Pyroot, loop over TTree very slow compared to .C macro

aleopold · February 23, 2018, 2:49pm

Hi! I have a general question about how to speed up my pyroot scripts (if this is possible). I was developing something a while ago, where I had nested loops over ttrees, and that was incredibly slow, so I switched to a .C macro which did the job quite quick.
Since I wondered if I was doing something wrong, I wrote this script in python and the same in c++, doing not very much, just looping over a ttree in a rootfile (the one I’m using is quite big, 41GB)

python script


import ROOT

path = 'path/to/rootfile.root'
root_file = ROOT.TFile(path, 'read')
tree = root_file.Get("Track")

for event in tree:
  pt = event.track_Pt

root_file.Close()

.C macro:

void loopOver() {

  TString path = "path/to/rootfile.root";
  TFile *root_file = new TFile(path, "read");
  TTree *tree = (TTree*) root_file->Get("Track");
  Double_t trackpt;
  tree->SetBranchAddress("track_Pt", &trackpt);
 
  for (int i=0; i<tree->GetEntries(); i++) {
    tree->GetEntry(i);
    Double_t pt = trackpt;
  }

  root_file->Close();
}

If I time both, the .C one takes 28.422s, the python version takes 6m12.019s

Is there something I can do to speed up my python code?

Thanks for your answers!

etejedor · February 23, 2018, 3:18pm

Hi @aleopold,

It is expected that your loop in C++ runs much faster than the equivalent loop in Python, it is due to a language performance difference.

One way to speed up your Python code when you are reading a tree is to actually hide the loop into C++. This is precisely what the TDataFrame class does, please have a look at:

https://root.cern.ch/doc/v612/classROOT_1_1Experimental_1_1TDataFrame.html

It proposes a declarative approach to process data in ROOT trees. I would be happy to guide you through transforming your tree processing code into a TDataFrame chain of operations, if you are interested.

Cheers,

Enric

behrenhoff · February 23, 2018, 3:20pm

This thread might cover most of the things: Iteration over a tree in pyroot - performance issue

Easiest improvement is to activate only the required branches. Other than that, the liked thread contains a lot of benchmarks.

I would also modernize your C++ code to (make a performance test with this):

void loopOver() {
  TString path = "path/to/rootfile.root";
  TFile *root_file = TFile::Open(path, "read");
  TTreeReader reader("Track", root_file);
  TTreeReaderValue<Double_t> rvTrackPt(reader, "track_Pt");
  while (reader.Next()) {
    Double_t pt = *rvTrackPt;
    // do something with pt
  }
}

wlav · February 23, 2018, 5:14pm

Article: Optimizing python-based ROOT I/O with PyPy’s tracing just-in-time compiler

And the results from the last time I touched it (see slide 17; running at C++ speeds accomplished): ROOT User’s Workshop 2013

If use of Python in HEP ever reaches critical mass, then maybe management can be convinced to invest in such work, so that you can have your cake and eat it, too.
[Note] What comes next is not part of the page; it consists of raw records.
(* If $G$ is a bipartite finite simple graph of order $n$ with at least one edge, then $\mathrm{es}_{\Delta}(G)\leq n/2$.
   Context: $\mathrm{es}_{\Delta}(G)$ is the minimum number of edges of $G$ whose removal results in a subgraph with maximum degree $\Delta(G)-1$. *)

theory Defs
  imports Complex_Main
begin

definition simple_graph :: "'a set \<Rightarrow> 'a set set \<Rightarrow> bool" where
  "simple_graph V E \<longleftrightarrow> finite V \<and> (\<forall>e\<in>E. e \<subseteq> V \<and> card e = 2)"

definition degree :: "'a set set \<Rightarrow> 'a \<Rightarrow> nat" where
  "degree E v = card {e \<in> E. v \<in> e}"

definition max_degree :: "'a set \<Rightarrow> 'a set set \<Rightarrow> nat" where
  "max_degree V E = Max (insert 0 (degree E ` V))"

definition bipartite :: "'a set \<Rightarrow> 'a set set \<Rightarrow> bool" where
  "bipartite V E \<longleftrightarrow> (\<exists>X \<subseteq> V. \<forall>e\<in>E. \<exists>x y. e = {x, y} \<and> x \<in> X \<and> y \<in> V - X)"

definition es_Delta :: "'a set \<Rightarrow> 'a set set \<Rightarrow> nat" where
  "es_Delta V E = (LEAST k. \<exists>F \<subseteq> E. card F = k \<and> max_degree V (E - F) = max_degree V E - 1)"

end

theory Submission
  imports Defs
begin

(* Pad the adjacency matrix of G by putting \<Delta> - deg v on the diagonal. The result is
   symmetric with every row summing to \<Delta>, so double counting gives Hall's condition for
   its supports, and Hall's theorem yields a permutation f of V along its support: f moves
   every vertex of maximum degree (whose diagonal entry is 0) along an edge. If G is
   bipartite with sides X and V - X, every moved vertex changes side, so the edges {u, f u}
   with u in X form a matching that covers all vertices of degree \<Delta>. Deleting it lowers
   the maximum degree by exactly one, and a matching has at most n/2 edges. *)

definition Hall_condition :: "'i set \<Rightarrow> ('i \<Rightarrow> 'b set) \<Rightarrow> bool" where
  "Hall_condition I A \<longleftrightarrow> (\<forall>K\<subseteq>I. card K \<le> card (\<Union>(A ` K)))"

lemma Hall_condition_mono: "Hall_condition I A \<Longrightarrow> K \<subseteq> I \<Longrightarrow> Hall_condition K A"
  unfolding Hall_condition_def by blast

lemma Hall_condition_Diff_critical:
  assumes "finite I" "\<forall>i\<in>I. finite (A i)" "Hall_condition I A"
    and "K \<subseteq> I" "card (\<Union>(A ` K)) \<le> card K"
  shows "Hall_condition (I - K) (\<lambda>i. A i - \<Union>(A ` K))"
  unfolding Hall_condition_def
proof (intro allI impI)
  fix L assume L: "L \<subseteq> I - K"
  define U where "U = \<Union>(A ` K)"
  define S where "S = \<Union>(A ` (L \<union> K))"
  have "finite L" "finite K"
    using L assms(1,4) by (meson finite_Diff finite_subset)+
  moreover have "finite S"
    unfolding S_def using L assms(2,4) \<open>finite L\<close> \<open>finite K\<close> by auto
  moreover have "U \<subseteq> S"
    unfolding U_def S_def by blast
  ultimately have card_SU: "card (S - U) = card S - card U"
    by (simp add: card_Diff_subset finite_subset)
  have "card L + card K = card (L \<union> K)"
    using L \<open>finite L\<close> \<open>finite K\<close> by (subst card_Un_disjoint) auto
  also have "\<dots> \<le> card S"
    using assms(3) L assms(4) unfolding Hall_condition_def S_def
    by (metis Diff_subset Un_subset_iff order_trans)
  finally have "card L \<le> card (S - U)"
    using card_SU assms(5) unfolding U_def by linarith
  moreover have "S - U = \<Union>((\<lambda>i. A i - U) ` L)"
    unfolding S_def U_def by blast
  ultimately show "card L \<le> card (\<Union>((\<lambda>i. A i - \<Union>(A ` K)) ` L))"
    unfolding U_def by simp
qed

lemma Hall_condition_Diff_point:
  assumes surplus: "\<forall>L\<subseteq>I. L \<noteq> {} \<longrightarrow> L \<noteq> I \<longrightarrow> card L < card (\<Union>(A ` L))"
    and "i \<in> I"
  shows "Hall_condition (I - {i}) (\<lambda>j. A j - {x})"
  unfolding Hall_condition_def
proof (intro allI impI)
  fix L assume L: "L \<subseteq> I - {i}"
  show "card L \<le> card (\<Union>((\<lambda>j. A j - {x}) ` L))"
  proof (cases "L = {}")
    case False
    with L \<open>i \<in> I\<close> have "card L < card (\<Union>(A ` L))"
      using surplus by blast
    moreover have "card (\<Union>(A ` L)) - 1 \<le> card (\<Union>(A ` L) - {x})"
      by (simp add: card_Diff_singleton_if)
    moreover have "\<Union>((\<lambda>j. A j - {x}) ` L) = \<Union>(A ` L) - {x}" by blast
    ultimately show ?thesis by simp
  qed simp
qed

theorem Hall_marriage:
  assumes "finite I" "\<forall>i\<in>I. finite (A i)" "Hall_condition I A"
  shows "\<exists>f. inj_on f I \<and> (\<forall>i\<in>I. f i \<in> A i)"
  using assms
proof (induction "card I" arbitrary: I A rule: less_induct)
  case less
  show ?case
  proof (cases "\<exists>K. K \<subseteq> I \<and> K \<noteq> {} \<and> K \<noteq> I \<and> card (\<Union>(A ` K)) \<le> card K")
    case True
    then obtain K where K: "K \<subseteq> I" "K \<noteq> {}" "K \<noteq> I" "card (\<Union>(A ` K)) \<le> card K"
      by blast
    define U where "U = \<Union>(A ` K)"
    have finK: "finite K" using K(1) less.prems(1) by (rule finite_subset)
    have cardK: "card K < card I"
      using K(1,3) less.prems(1) by (simp add: psubset_card_mono psubset_eq)
    have finAK: "\<forall>i\<in>K. finite (A i)"
      using K(1) less.prems(2) by blast
    have HallK: "Hall_condition K A"
      using less.prems(3) K(1) by (rule Hall_condition_mono)
    obtain f1 where f1: "inj_on f1 K" "\<forall>i\<in>K. f1 i \<in> A i"
      using less.hyps[OF cardK finK finAK HallK] by blast
    have cardIK: "card (I - K) < card I"
      using K(1,2) less.prems(1) by (intro psubset_card_mono) auto
    have finIK: "finite (I - K)" "\<forall>i\<in>I - K. finite (A i - U)"
      using less.prems(1,2) by auto
    have HallIK: "Hall_condition (I - K) (\<lambda>i. A i - U)"
      unfolding U_def using less.prems K(1,4) by (rule Hall_condition_Diff_critical)
    obtain f2 where f2: "inj_on f2 (I - K)" "\<forall>i\<in>I - K. f2 i \<in> A i - U"
      using less.hyps[OF cardIK finIK HallIK] by blast
    define f where "f i = (if i \<in> K then f1 i else f2 i)" for i
    have "f ` K \<subseteq> U" "f ` (I - K) \<inter> U = {}"
      using f1(2) f2(2) unfolding f_def U_def by auto
    then have "inj_on f (K \<union> (I - K))"
      using f1(1) f2(1) unfolding inj_on_Un by (auto simp: f_def inj_on_def)
    then have "inj_on f I"
      using K(1) by (simp add: Un_absorb1)
    moreover have "\<forall>i\<in>I. f i \<in> A i"
      using f1(2) f2(2) unfolding f_def by auto
    ultimately show ?thesis by blast
  next
    case no_critical: False
    show ?thesis
    proof (cases "I = {}")
      case False
      then obtain i where i: "i \<in> I" by blast
      have "card {i} \<le> card (\<Union>(A ` {i}))"
        using less.prems(3) i unfolding Hall_condition_def by blast
      then obtain x where x: "x \<in> A i" by fastforce
      have "\<forall>L\<subseteq>I. L \<noteq> {} \<longrightarrow> L \<noteq> I \<longrightarrow> card L < card (\<Union>(A ` L))"
        using no_critical by (meson not_le)
      then have Hall_rest: "Hall_condition (I - {i}) (\<lambda>j. A j - {x})"
        using i by (rule Hall_condition_Diff_point)
      have card_rest: "card (I - {i}) < card I"
        using less.prems(1) i by (rule card_Diff1_less)
      have fin_rest: "finite (I - {i})" "\<forall>j\<in>I - {i}. finite (A j - {x})"
        using less.prems(1,2) by auto
      obtain f2 where f2: "inj_on f2 (I - {i})" "\<forall>j\<in>I - {i}. f2 j \<in> A j - {x}"
        using less.hyps[OF card_rest fin_rest Hall_rest] by blast
      define f where "f = f2(i := x)"
      have "inj_on f (insert i (I - {i}))"
        using f2 unfolding f_def by (auto simp: inj_on_def)
      then have "inj_on f I"
        using i by (simp add: insert_absorb)
      moreover have "\<forall>j\<in>I. f j \<in> A j"
        using f2(2) x unfolding f_def by auto
      ultimately show ?thesis by blast
    qed simp
  qed
qed

definition neighbours :: "'a set set \<Rightarrow> 'a \<Rightarrow> 'a set" where
  "neighbours E v = {u. {v, u} \<in> E}"

definition matching :: "'a set set \<Rightarrow> bool" where
  "matching M \<longleftrightarrow> (\<forall>e\<in>M. \<forall>e'\<in>M. e \<inter> e' \<noteq> {} \<longrightarrow> e = e')"

lemma simple_graph_finite_edges: "simple_graph V E \<Longrightarrow> finite E"
  unfolding simple_graph_def by (meson Pow_iff finite_Pow_iff finite_subset subsetI)

lemma simple_graph_edgeD:
  assumes "simple_graph V E" "e \<in> E"
  shows "\<exists>x y. e = {x, y} \<and> x \<noteq> y \<and> x \<in> V \<and> y \<in> V"
  using assms unfolding simple_graph_def by (metis card_2_iff insert_subset)

lemma neighbours_subset: "simple_graph V E \<Longrightarrow> neighbours E v \<subseteq> V"
  unfolding neighbours_def simple_graph_def by blast

lemma not_in_neighbours: "simple_graph V E \<Longrightarrow> v \<notin> neighbours E v"
  unfolding neighbours_def simple_graph_def by fastforce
Until then, which version of Python do you use? With recent benchmarking, I found a sweet improvement in p3.6 over p2.7 (even more so for cppyy master).

eguiraud · February 24, 2018, 11:51am

a bit off topic, but

If use of Python in HEP ever reaches critical mass

python usage in HEP is pervasive. I don’t know any PhD student that does not use python at least as much as they use C++.

EDIT:
more on topic, if you have access to ROOT v6.12 (e.g. on lxplus7), you might be interested in timing something like this, in python:

import ROOT
tdf = ROOT.ROOT.Experimental.TDataFrame('Track', 'path/to/rootfile.root')
hist = tdf.Histo1D("track_Pt").GetValue()

The loop is run on a single thread for fairer comparison with your other macros, but with TDataFrame it’s awkward (by design) to just deserialize a variable and do nothing with it, so I’m filling a histogram instead.

aleopold · February 28, 2018, 12:58pm

Thanks a lot for all of your input! I’m going to look at the different possibilities to see what suits my needs best.

Also the TTreeReader side remark will go instantly into my code!

Best,
Alex

system · March 14, 2018, 12:58pm

This topic was automatically closed 14 days after the last reply. New replies are no longer allowed.